Di Moreno
Il capitalismo è una società d’individui atomizzati, che prosperano e si sviluppano in un contesto di perenne conflittualità.
Il capitale disgrega ogni ethos collettivo, riproducendo continuamente l’individuo civile della società capitalistica: il soggetto piccolo-borghese, gretto, egoista, arrivista, approfittatore. Il capitale è un leviatano che spezza ogni legame collettivo e sovverte ogni aspetto della vita, generando un mondo rovesciato e alienato. Laddove nelle società primitive lo scambio era prima di tutto un rapporto fra uomini, finalizzato alla riproduzione continua di una determinata comunità e dei legami costruiti fra i soggetti di questo collettivo, nella società borghese ogni scambio diviene un rapporto fra cose, un rapporto completamente alienato. Il lavoro diviene merce e l’uomo stesso in quanto homo faber, in quanto trasformatore cosciente della realtà, è alienato dalla sua esistenza di uomo, perde il suo carattere di soggetto umano.
Parte fondamentale di questo processo di estraniazione che separa l’uomo dalla sua esistenza come soggetto cosciente di una comunità di uomini è proprio lo sradicamento dell’identità, di quel sentimento collettivo in assenza del quale l’uomo non è altro che un soggetto individualizzato, privo di riferimenti sicuri, mosso da interessi limitati e prettamente egoistici, incapace sostanzialmente di dare un senso alla propria esistenza. Il collettivo si è sempre costituito intorno a tre fondamentali elementi: la religione, la tradizione e l’ideologia. Ognuno di questi elementi contribuisce alla formazione di una comunità con interessi, fini e valori comuni, una comunità in cui gli uomini possono entrare tra loro in rapporti tra soggetti che essi riconoscono come propri simili, come compagni accomunati da un’uguaglianza di regole e princìpi.
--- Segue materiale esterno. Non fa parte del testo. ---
lemma hyperbolic_Ewu_preimage:
  assumes hyp: "hyperbolic g" and w: "w \<in> Ewu g"
  obtains v where "g *v v = w" "dist (xplus g) (xminus g) * norm v \<le> 4 * norm w"
proof -
  obtain l where l: "0 < l" "l < 1" and p: "xplus g \<in> S1" "g *v xplus g = (1/l) *\<^sub>R xplus g"
    and q: "xminus g \<in> S1"
    using hyperbolic_eigenvectors[OF hyp] by metis
  obtain a c where ac: "w = a *\<^sub>R xzero g + c *\<^sub>R xplus g"
    using w unfolding Ewu_def by (rule span_pairE)
  define v where "v = a *\<^sub>R xzero g + (l * c) *\<^sub>R xplus g"
  have "g *v v = w"
    using l hyperbolic_xzero(1)[OF hyp] p(2)
    by (simp add: ac v_def matrix_vector_right_distrib matrix_vector_mult_scaleR)
  moreover have "dist (xplus g) (xminus g) * norm v \<le> 4 * norm w"
    using dist_mult_norm_shrink_le[OF p(1) q hyperbolic_xzero(3,4,2)[OF hyp], of l a c] l
    by (simp add: ac v_def)
  ultimately show ?thesis by (rule that)
qed

theorem mainTheorem4:
  fixes \<epsilon> :: real and g :: "real^3^3" and b :: "real^3" and h :: "real^3 \<Rightarrow> real^3"
  assumes "\<epsilon> > 0"
    and "g \<in> SO0_21"
    and "h = (\<lambda>x. g *v x + b)"
    and "eps_hyperbolic \<epsilon> g"
  shows "\<forall>\<delta>>0. \<forall>x. ball (h x) (\<delta> * \<epsilon> / 4) \<inter> Ewu_at (h x) g \<subseteq> h ` ball x \<delta>"
proof (intro allI impI subsetI)
  fix \<delta> :: real and x y
  assume y: "y \<in> ball (h x) (\<delta> * \<epsilon> / 4) \<inter> Ewu_at (h x) g"
  have hyp: "hyperbolic g" and \<epsilon>: "\<epsilon> \<le> dist (xplus g) (xminus g)"
    using assms(4) by (auto simp: eps_hyperbolic_def)
  have "y - h x \<in> Ewu g"
    using y by (auto simp: Ewu_at_def)
  then obtain v where v: "g *v v = y - h x"
    and bound: "dist (xplus g) (xminus g) * norm v \<le> 4 * norm (y - h x)"
    by (rule hyperbolic_Ewu_preimage[OF hyp])
  have "\<epsilon> * norm v \<le> dist (xplus g) (xminus g) * norm v"
    using \<epsilon> by (simp add: mult_right_mono)
  moreover have "norm (y - h x) < \<delta> * \<epsilon> / 4"
    using y by (simp add: dist_norm norm_minus_commute)
  ultimately have "\<epsilon> * norm v < \<epsilon> * \<delta>"
    using bound mult.commute[of \<delta> \<epsilon>] by linarith
  then have "x + v \<in> ball x \<delta>"
    using assms(1) by (simp add: dist_norm)
  moreover have "h (x + v) = y"
    using v by (simp add: assms(3) matrix_vector_right_distrib)
  ultimately show "y \<in> h ` ball x \<delta>" by blast
qed

end
text \<open>A lozenge is (downward label, upward label) of two adjacent unit triangles.
  A lozenge tiling of T_d(I) is a set of lozenges inside T_d(I) covering every unit triangle
  exactly once.\<close>
definition is_tiling :: "nat \<Rightarrow> monom set \<Rightarrow> (monom \<times> monom) set \<Rightarrow> bool" where
  "is_tiling d I \<tau> \<longleftrightarrow>
     (\<forall>(b, w) \<in> \<tau>. b \<in> downs d I \<and> w \<in> ups d I \<and> adj b w) \<and>
     (\<forall>b \<in> downs d I. \<exists>!w. (b, w) \<in> \<tau>) \<and>
     (\<forall>w \<in> ups d I. \<exists>!b. (b, w) \<in> \<tau>)"

text \<open>Position (0-based) of m in S listed in decreasing grevlex order.\<close>
definition rank :: "monom set \<Rightarrow> monom \<Rightarrow> nat" where
  "rank S m = card {m' \<in> S. grevlex_gt m' m}"

text \<open>The permutation pi (on 0-based indices) with B_i and W_{pi(i)} in a common lozenge.\<close>
definition tiling_perm :: "nat \<Rightarrow> monom set \<Rightarrow> (monom \<times> monom) set \<Rightarrow> nat \<Rightarrow> nat" where
  "tiling_perm d I \<tau> i =
     (if \<exists>b w. (b, w) \<in> \<tau> \<and> rank (downs d I) b = i
      then (THE j. \<exists>b w. (b, w) \<in> \<tau> \<and> rank (downs d I) b = i \<and> rank (ups d I) w = j)
      else i)"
Questo comune sentire può presentarsi dunque tanto come rapporto concreto (comunanza di lingua, costumi, tradizioni, gestualità, vizi e virtù) quanto come rapporto alienato (la proiezione metafisica del mondo materiale data dalla religione, sostanzialmente la riproposizione delle peculiarità materiali di una determinata società in forma oggettivata: dalla credenza comune in questo mondo fantastico derivano poi tutta una comunanza di riti, credenze, regolamenti, i quali contribuiscono ad inserire un soggetto in una comunità, la comunità dei fedeli).
Il XX secolo ci ha dimostrato che la religione, nella sua funzione di formazione di un’identità condivisa, può essere facilmente sostituita dall’ideologia; eppure, l’ideologia non è capace da sé di risolvere pienamente la contraddizione insita in una società d’individui atomizzati, di riformare quel legame che si può costruire solo tramite la riscoperta di un legame umano storico-culturale particolare. Il socialismo è crollato poiché incapace di costruire una vera identità collettiva, mentre è sopravvissuto in forma più o meno corrotta nei paesi nel quale è riuscito a coniugarsi con un’identità ben salda.
Il socialimperialismo di Mosca fu un peso insostenibile per il proletariato dell’est Europa e delle minoranze nazionali dell’Unione Sovietica. Il socialismo imposto dall’URSS non era sentito come una volontà cosciente delle masse popolari, bensì come soggezione agli interessi della Russia sovietica. Il fatto che la rivoluzione in paesi come la Cina, la Corea o Cuba sia ancora oggi ricordata come attività cosciente del popolo cinese, coreano e cubano ha influito non poco sulla capacità degli ideali socialisti di penetrare nella coscienza della masse popolari.
La classe proletaria ha interessi comuni internazionali, e la fratellanza di classe è il presupposto necessario per la vittoria mondiale del socialismo, ma laddove l’amore per il fratello, il vicino, viene brutalmente negato in favore di un amore inconsistente per il “prossimo”, un soggetto con il quale non siamo capaci di relazionarci concretamente, allora l’intera struttura sul quale si basa questo rapporto è destinata a restare fragile e inconsistente. La riscoperta delle identità è all’antipode rispetto all’odio per il diverso, proprio perché è la saldezza delle radici a garantire l’impossibilità dello sradicamento. Il soggetto fragile, incapace di dare una forma alla propria identità, teme che l’altro possa in qualsiasi momento spezzare quei legami così caduchi che lo legano ad un determinato sentire collettivo.
Al contrario, il sentirsi parte di una comunità determinata, capace di dare un senso alla mia esistenza e di concretizzare la mia essenza di uomo è il presupposto fondamentale per riconoscere e apprezzare l’identità altrui, per un vero internazionalismo proletario, fondato non sulla negazione delle identità etnico-nazionali particolari, bensì sull’uguaglianza e il mutuo rispetto tra libere e sovrane nazioni.